Forced Alignment | ElevenLabs Documentation

Overview

The ElevenLabs Forced Alignment API turns spoken audio and text into a time-aligned transcript. This is useful for cases where you have audio recording and a transcript, but need exact timestamps for each word or phrase in the transcript. This can be used for:

Matching subtitles to a video recording
Generating timings for an audiobook recording of an ebook

Usage

The Forced Alignment API can be used by interfacing with the ElevenLabs API directly.

Developer quickstart

Learn how to integrate Forced Alignment into your application.

Supported languages

Our multilingual v2 models support 29 languages:

English (USA, UK, Australia, Canada), Japanese, Chinese, German, Hindi, French (France, Canada), Korean, Portuguese (Brazil, Portugal), Italian, Spanish (Spain, Mexico), Indonesian, Dutch, Turkish, Filipino, Polish, Swedish, Bulgarian, Romanian, Arabic (Saudi Arabia, UAE), Czech, Greek, Finnish, Croatian, Malay, Slovak, Danish, Tamil, Ukrainian & Russian.

FAQ

What is forced alignment?

Forced alignment is a technique used to align spoken audio with text. You provide an audio file and a transcript of the audio file and the API will return a time-aligned transcript.

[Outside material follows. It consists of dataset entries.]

(* Let $\alpha$ be a partial action datum of $M$ on $X\in\mathscr{C}$, let $\eta\colon F\to\Delta(Y)$ be a colimit of the functor $F$ associated to $\alpha$, and let $\beta$ be the global action associated to $\eta$. Then $\eta_e\colon\alpha\to\beta$ is a reflection of $\alpha$ in $\mathrm{Act}_M(\mathscr{C})$.
   Context: Standing assumptions: $M$ is a monoid with identity $e$ and $\mathscr{C}$ is a category with pullbacks. A partial action datum of $M$ on $X$ assigns to each $m\in M$ an isomorphism class of spans $[\operatorname{dom}\alpha_m,\iota_m,\alpha_m]$ with $\iota_m\colon\operatorname{dom}\alpha_m\to X$ a monomorphism and $\alpha_m\colon\operatorname{dom}\alpha_m\to X$ (isomorphism of spans: an isomorphism of apexes commuting with both legs); representatives are fixed. A global action of $M$ on $Y$ is a datum with $\beta(m)=[Y,\mathrm{id}_Y,\beta_m]$, $\beta_e=\mathrm{id}_Y$, $\beta_n\circ\beta_m=\beta_{nm}$. Given data $\alpha$ on $X$ and $\beta$ on $Y$ with representatives $[\operatorname{dom}\alpha_m,\iota_m,\alpha_m]$, $[\operatorname{dom}\beta_m,\kappa_m,\beta_m]$, a datum morphism $\alpha\to\beta$ is a morphism $f\colon X\to Y$ such that for each $m$ there is $f_m\colon\operatorname{dom}\alpha_m\to\operatorname{dom}\beta_m$ with $\kappa_m\circ f_m=f\circ\iota_m$ and $\beta_m\circ f_m=f\circ\alpha_m$. $\mathrm{Act}_M(\mathscr{C})$ is the category of global actions with datum morphisms. A reflection of $\alpha$ in $\mathrm{Act}_M(\mathscr{C})$ is a datum morphism $r\colon\alpha\to\beta$ with $\beta$ global such that for every datum morphism $f\colon\alpha\to\gamma$ with $\gamma$ global there is a unique datum morphism $f'\colon\beta\to\gamma$ with $f'\circ r=f$. Let $I$ be the category with objects $(M\times M)\sqcup M$, with for each $(m,n)$ one morphism $(m,n)\to mn$ and one morphism $(m,n)\to m$ and no other non-identity morphisms. The functor associated to $\alpha$ is $F\colon I\to\mathscr{C}$ with $F(m,n)=\operatorname{dom}\alpha_n$, $F(m)=X$, $(m,n)\to mn\mapsto\iota_n$, $(m,n)\to m\mapsto\alpha_n$; $\Delta(Y)$ is the constant functor at $Y$. For a colimit $\eta\colon F\to\Delta(Y)$ of $F$, the global action associated to $\eta$ is $\beta(m)=[Y,\mathrm{id}_Y,\beta_m]$, where $\beta_m\colon Y\to Y$ is the unique morphism with $\beta_m\circ\eta_{(s,t)}=\eta_{(ms,t)}$ and $\beta_m\circ\eta_s=\eta_{ms}$ for all $s,t\in M$ (this is a global action). *)

theory Defs
  imports Main
begin

text \<open>A (small-or-large) category given by objects, arrows, domain, codomain,
  identities and composition; Comp g f is g after f (defined when Cod f = Dom g).\<close>

record ('o, 'a) cat =
  Ob :: "'o set"
  Ar :: "'a set"
  Dom :: "'a \<Rightarrow> 'o"
  Cod :: "'a \<Rightarrow> 'o"
  Id :: "'o \<Rightarrow> 'a"
  Comp :: "'a \<Rightarrow> 'a \<Rightarrow> 'a"

definition hom :: "('o, 'a) cat \<Rightarrow> 'o \<Rightarrow> 'o \<Rightarrow> 'a set" where
  "hom C x y = {f \<in> Ar C. Dom C f = x \<and> Cod C f = y}"

definition category :: "('o, 'a) cat \<Rightarrow> bool" where
  "category C \<longleftrightarrow>
     (\<forall>f\<in>Ar C. Dom C f \<in> Ob C \<and> Cod C f \<in> Ob C) \<and>
     (\<forall>x\<in>Ob C. Id C x \<in> hom C x x) \<and>
     (\<forall>f\<in>Ar C. \<forall>g\<in>Ar C. Cod C f = Dom C g \<longrightarrow> Comp C g f \<in> hom C (Dom C f) (Cod C g)) \<and>
     (\<forall>f\<in>Ar C. Comp C (Id C (Cod C f)) f = f \<and> Comp C f (Id C (Dom C f)) = f) \<and>
     (\<forall>f\<in>Ar C. \<forall>g\<in>Ar C. \<forall>h\<in>Ar C. Cod C f = Dom C g \<longrightarrow> Cod C g = Dom C h \<longrightarrow>
        Comp C h (Comp C g f) = Comp C (Comp C h g) f)"

definition mono :: "('o, 'a) cat \<Rightarrow> 'a \<Rightarrow> bool" where
  "mono C m \<longleftrightarrow> m \<in> Ar C \<and>
     (\<forall>g\<in>Ar C. \<forall>h\<in>Ar C. Dom C g = Dom C h \<longrightarrow> Cod C g = Dom C m \<longrightarrow> Cod C h = Dom C m \<longrightarrow>
        Comp C m g = Comp C m h \<longrightarrow> g = h)"

definition has_pullbacks :: "('o, 'a) cat \<Rightarrow> bool" where
  "has_pullbacks C \<longleftrightarrow>
     (\<forall>f\<in>Ar C. \<forall>g\<in>Ar C. Cod C f = Cod C g \<longrightarrow>
        (\<exists>P\<in>Ob C. \<exists>p\<in>hom C P (Dom C f). \<exists>q\<in>hom C P (Dom C g).
           Comp C f p = Comp C g q \<and>
           (\<forall>Q\<in>Ob C. \<forall>p'\<in>hom C Q (Dom C f). \<forall>q'\<in>hom C Q (Dom C g).
              Comp C f p' = Comp C g q' \<longrightarrow>
              (\<exists>!u. u \<in> hom C Q P \<and> Comp C p u = p' \<and> Comp C q u = q'))))"

text \<open>A partial action datum of the monoid 'm on X, given by the fixed representatives
  (dom alpha_m, iota_m, alpha_m) of the span classes.\<close>

definition partial_action_datum ::
  "('o, 'a) cat \<Rightarrow> 'o \<Rightarrow> ('m \<Rightarrow> 'o) \<Rightarrow> ('m \<Rightarrow> 'a) \<Rightarrow> ('m \<Rightarrow> 'a) \<Rightarrow> bool" where
  "partial_action_datum C X D \<iota> \<alpha> \<longleftrightarrow> X \<in> Ob C \<and>
     (\<forall>m. D m \<in> Ob C \<and> \<iota> m \<in> hom C (D m) X \<and> mono C (\<iota> m) \<and> \<alpha> m \<in> hom C (D m) X)"

definition global_action ::
  "('o, 'a) cat \<Rightarrow> 'o \<Rightarrow> ('m::monoid_mult \<Rightarrow> 'a) \<Rightarrow> bool" where
  "global_action C Y \<beta> \<longleftrightarrow> Y \<in> Ob C \<and>
     (\<forall>m. \<beta> m \<in> hom C Y Y) \<and> \<beta> 1 = Id C Y \<and>
     (\<forall>m n. Comp C (\<beta> n) (\<beta> m) = \<beta> (n * m))"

It’s useful for cases where you have audio recording and a transcript, but need exact timestamps for each word or phrase in the transcript.

What text input formats are supported?

The input text should be a string with no special formatting i.e. JSON.

Example of good input text:

"Hello, how are you?"

Example of bad input text:

{
    "text": "Hello, how are you?"
}

How much does Forced Alignment cost?

Forced Alignment costs the same as the Speech to Text API.

Does Forced Alignment support diarization?

Forced Alignment does not support diarization. If you provide diarized text, the API will likely return unwanted results.

What is the maximum audio file size for Forced Alignment?

The maximum file size for Forced Alignment is 1GB.

What is the maximum duration for a Forced Alignment input file?

For audio files, the maximum duration is 4.5 hours.

For the text input, the maximum length is 675k characters.